### Exercise data:
<<<<
text \<open>epsilon_{m,t}; Lp1eps stands for (L+1)*epsilon.\<close>
definition eps_mt ::
  "nat \<Rightarrow> nat \<Rightarrow> real \<Rightarrow> real \<Rightarrow> real \<Rightarrow> real \<Rightarrow> real \<Rightarrow> nat \<Rightarrow> real" where
  "eps_mt t cardX \<delta> K0hat Lp1eps \<sigma> B' T =
     2 * K0hat * (real t^2 * Lp1eps / \<sigma>^4) * (B' + \<sigma> * sqrt (2 * ln (4 * real T / \<delta>)))
     + beta_t t cardX \<delta> * sqrt (Lp1eps * (1 + 4 * K0hat^2 * real t^2 / \<sigma>^4))"

end

theory Submission
  imports Defs "Jordan_Normal_Form.Determinant"
begin

text \<open>With probability at least \<open>1/(4 e sqrt pi)\<close> the Thompson sample at \<open>x\<^sup>*\<close> exceeds
  the posterior mean there by \<open>\<beta>\<^sub>t\<close> posterior standard deviations (Gaussian anti-concentration);
  by a Gaussian tail bound and a union bound over \<open>\<X>\<close>, with probability at least \<open>1 - 1/t\<^sup>2\<close>
  no sample exceeds its mean by more than \<open>\<beta>\<^sub>t sqrt (2 log (|\<X>| t\<^sup>2))\<close> standard deviations.
  On the intersection of the two events the sample at its maximiser \<open>x\<^sub>t\<close> is squeezed between
  these thresholds, and the confidence bounds of \<open>E(t)\<close> at \<open>x\<^sup>*\<close> and at \<open>x\<^sub>t\<close> turn this into
  \<open>\<Delta>(x\<^sub>t) \<le> c\<^sub>t \<sigma>(x\<^sub>t) + 2 \<epsilon>\<^sub>m\<^sub>,\<^sub>t\<close>, i.e. \<open>x\<^sub>t\<close> is unsaturated.\<close>

lemma normal_density_upper_tail_ge:
  fixes m s :: real
  assumes s: "0 < s"
  shows "1 / (4 * exp 1 * sqrt pi) \<le> measure (density lborel (normal_density m s)) {y. m + s \<le> y}"
proof -
  interpret prob_space "density lborel (normal_density m s)"
    using s by (rule prob_space_normal_density)
  define c where "c = exp (-2) / (s * sqrt (2 * pi))"
  have c_nonneg: "0 \<le> c" using s by (simp add: c_def)
  have density_ge: "ennreal c * indicator {m + s .. m + 2 * s} y
      \<le> ennreal (normal_density m s y) * indicator {y. m + s \<le> y} y" for y
  proof (cases "y \<in> {m + s .. m + 2 * s}")
    case True
    have "(y - m)^2 \<le> (2 * s)^2" using True s by (intro power_mono) auto
    then have "exp (-2) \<le> exp (- ((y - m)^2) / (2 * s^2))"
      using s by (simp add: field_simps power2_eq_square)
    moreover have "sqrt (2 * pi * s^2) = s * sqrt (2 * pi)" using s by (simp add: real_sqrt_mult)
    ultimately have "c \<le> normal_density m s y"
      using s unfolding c_def normal_density_def by (simp add: divide_right_mono)
    then show ?thesis using True by (simp add: indicator_def)
  qed (simp add: indicator_def)
  have "ennreal (c * s) = (\<integral>\<^sup>+ y. ennreal c * indicator {m + s .. m + 2 * s} y \<partial>lborel)"
    using s c_nonneg by (simp add: nn_integral_cmult_indicator ennreal_mult)
  also have "\<dots> \<le> (\<integral>\<^sup>+ y. ennreal (normal_density m s y) * indicator {y. m + s \<le> y} y \<partial>lborel)"
    by (intro nn_integral_mono density_ge)
  also have "\<dots> = ennreal (measure (density lborel (normal_density m s)) {y. m + s \<le> y})"
    by (simp add: emeasure_density emeasure_eq_measure[symmetric])
  finally have tail_ge: "c * s \<le> measure (density lborel (normal_density m s)) {y. m + s \<le> y}"
    by (simp add: ennreal_le_iff[symmetric] del: ennreal_le_iff)
  have "sqrt 2 < (1.415::real)" by (rule real_less_lsqrt) (auto simp: power2_eq_square)
  then have "exp 1 * sqrt 2 \<le> (2.72::real) * 1.415"
    using e_less_272 by (intro mult_mono) auto
  then have "exp 1 * exp 1 * sqrt 2 * sqrt pi \<le> 4 * exp 1 * sqrt pi"
    by (simp add: mult_right_mono)
  then have "1 / (4 * exp 1 * sqrt pi) \<le> 1 / (exp 1 * exp 1 * sqrt 2 * sqrt pi)"
    by (intro divide_left_mono) auto
  also have "\<dots> = c * s"
    using s by (simp add: c_def exp_minus mult_exp_exp inverse_eq_divide real_sqrt_mult)
  finally show ?thesis using tail_ge by linarith
qed

lemma normal_density_upper_tail_le:
  fixes m s a :: real
  assumes s: "0 < s" and a: "0 \<le> a"
  shows "measure (density lborel (normal_density m s)) {y. m + a * s < y} \<le> exp (- (a^2) / 2)"
proof -
  interpret prob_space "density lborel (normal_density m s)"
    using s by (rule prob_space_normal_density)
  interpret shifted: prob_space "density lborel (normal_density (m + a * s) s)"
    using s by (rule prob_space_normal_density)
  have density_le: "ennreal (normal_density m s y) * indicator {y. m + a * s < y} y
      \<le> ennreal (exp (- (a^2) / 2)) * ennreal (normal_density (m + a * s) s y)" for y
  proof (cases "m + a * s < y")
    case True
    define z where "z = (y - m) / s"
    have "a \<le> z" using True s by (simp add: z_def field_simps)
    then have "- (z^2) / 2 \<le> - (a^2) / 2 + - ((z - a)^2) / 2"
      using a by (simp add: power2_eq_square field_simps mult_left_mono)
    moreover have "- ((y - m)^2) / (2 * s^2) = - (z^2) / 2"
      and "- ((y - (m + a * s))^2) / (2 * s^2) = - ((z - a)^2) / 2"
      using s by (simp_all add: z_def power2_eq_square field_simps)
    ultimately have "exp (- ((y - m)^2) / (2 * s^2))
        \<le> exp (- (a^2) / 2) * exp (- ((y - (m + a * s))^2) / (2 * s^2))"
      by (simp only: mult_exp_exp) simp
    then have "normal_density m s y \<le> exp (- (a^2) / 2) * normal_density (m + a * s) s y"
      unfolding normal_density_def by (simp add: divide_right_mono)
    then show ?thesis using True by (simp add: ennreal_mult[symmetric])
  qed simp
  have "ennreal (measure (density lborel (normal_density m s)) {y. m + a * s < y})
      = (\<integral>\<^sup>+ y. ennreal (normal_density m s y) * indicator {y. m + a * s < y} y \<partial>lborel)"
    by (simp add: emeasure_density emeasure_eq_measure[symmetric])
  also have "\<dots> \<le> (\<integral>\<^sup>+ y. ennreal (exp (- (a^2) / 2)) * ennreal (normal_density (m + a * s) s y) \<partial>lborel)"
    by (intro nn_integral_mono density_le)
  also have "\<dots> = ennreal (exp (- (a^2) / 2)) * (\<integral>\<^sup>+ y. ennreal (normal_density (m + a * s) s y) \<partial>lborel)"
    by (rule nn_integral_cmult) auto
  also have "(\<integral>\<^sup>+ y. ennreal (normal_density (m + a * s) s y) \<partial>lborel) = 1"
    using shifted.emeasure_space_1 by (simp add: emeasure_density)
  finally show ?thesis by (simp add: ennreal_le_iff[symmetric] del: ennreal_le_iff)
qed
>>>>
### Task requirements:
Whenever a line of the records holds the string "unfolding", pick it out and copy it.

### Your response:
      using s unfolding c_def normal_density_def by (simp add: divide_right_mono)
      unfolding normal_density_def by (simp add: divide_right_mono)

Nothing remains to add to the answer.